Walk-through: The artifact is presented to the team by its creator, who leads and controls the discussion. Here, education is the goal, and the focus is on learning about a single document.
Inspection: This more formal process is a detailed analysis in which the artifact is checked against a prepared list of concerns. The creator does not lead the discussion, and the fault identification and correction are often controlled by statistical measurements.
A wise engineer who finds a fault can deal with it in at least three ways:
· by learning how, when, and why errors occur
· by taking action to prevent mistakes
· by scrutinizing products to find the instances and effects of errors that were missed
Peer reviews address this problem directly. Unfortunately, many organizations give only lip service to peer review, and reviews are still not part of mainstream software engineering activities.
But there are compelling reasons to do reviews. An overwhelming amount of evidence suggests that various types of peer review in software engineering can be extraordinarily effective. For example, early studies at Hewlett-Packard in the 1980s revealed that those developers performing peer review on their projects enjoyed a significant advantage over those relying only on traditional dynamic testing techniques, whether black box or white box. Figure 3 -19 compares the fault discovery rate (that is, faults discovered per hour) among white-box testing, black-box testing, inspections, and software execution.
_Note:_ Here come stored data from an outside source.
lemma expectation_Pi_pmf_split:
  fixes g :: "('a \<Rightarrow> 'b) \<Rightarrow> real"
  assumes fin: "finite A" "\<And>j. j \<in> A \<Longrightarrow> finite (set_pmf (p j))" and i: "i \<in> A"
  shows "measure_pmf.expectation (Pi_pmf A d p) g
       = measure_pmf.expectation (Pi_pmf (A - {i}) d p)
           (\<lambda>f. measure_pmf.expectation (p i) (\<lambda>v. g (f(i := v))))"
proof -
  let ?P = "Pi_pmf (A - {i}) d p"
  have finP: "finite (set_pmf ?P)" using fin by (intro finite_set_Pi_pmf) auto
  have "Pi_pmf A d p = Pi_pmf (insert i (A - {i})) d p" using i by (simp add: insert_absorb)
  also have "\<dots> = bind_pmf ?P (\<lambda>f. map_pmf (\<lambda>v. f(i := v)) (p i))"
    using fin by (subst Pi_pmf_insert') (auto simp: map_pmf_def intro: bind_commute_pmf)
  finally have "measure_pmf.expectation (Pi_pmf A d p) g
      = (\<Sum>f\<in>set_pmf ?P. pmf ?P f *\<^sub>R measure_pmf.expectation (p i) (\<lambda>v. g (f(i := v))))"
    using fin i by (simp add: pmf_expectation_bind[OF finP])
  also have "\<dots> = measure_pmf.expectation ?P (\<lambda>f. measure_pmf.expectation (p i) (\<lambda>v. g (f(i := v))))"
    by (rule integral_measure_pmf[symmetric, OF finP]) auto
  finally show ?thesis .
qed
It is clear that inspections discovered far more faults in the same period of time than other alternatives. This result is particularly compelling for large, secure systems, where live running for fault discovery may not be an option.
Researchers and practitioners have repeatedly shown the effectiveness of reviews. For instance, Jones [JON91] summarized the data in his large repository of project information to paint a picture of how reviews and inspections find faults relative to other discovery activities. Because products vary so wildly by size, Table 3-6 presents the fault discovery rates relative to the number of thousands of lines of code in the delivered product.
The inspection process involves several important steps: planning, individual preparation, a logging meeting, rework, and reinspection. Details about how to perform reviews and inspections can be found in software engineering books such as [PFL01] and [PFL06a].
During the review process, someone should keep careful track of what each reviewer discovers and how quickly he or she discovers it. This log suggests not only whether particular reviewers need training but also whether certain kinds of faults are harder to find than others. Additionally, a root cause analysis for each fault found may reveal that the fault could have been discovered earlier in the process. For example, a requirements fault that surfaces during a code review should probably have been found during a requirements review. If there are no requirements reviews, you can start performing them. If there are requirements reviews, you can examine why this fault was missed and then improve the requirements review process.
The fault log can also be used to build a checklist of items to be sought in future reviews. The review team can use the checklist as a basis for questioning what can go wrong and where. In particular, the checklist can remind the team of security breaches, such as unchecked buffer overflows, that should be caught and fixed before the system is placed in the field. A rigorous design or code review can locate trapdoors, Trojan horses, salami attacks, worms, viruses, and other program flaws. A crafty programmer can conceal some of these flaws, but the chance of discovery rises when competent programmers review the design and code, especially when the components are small and encapsulated. Management should use demanding reviews throughout development to ensure the ultimate security of the programs.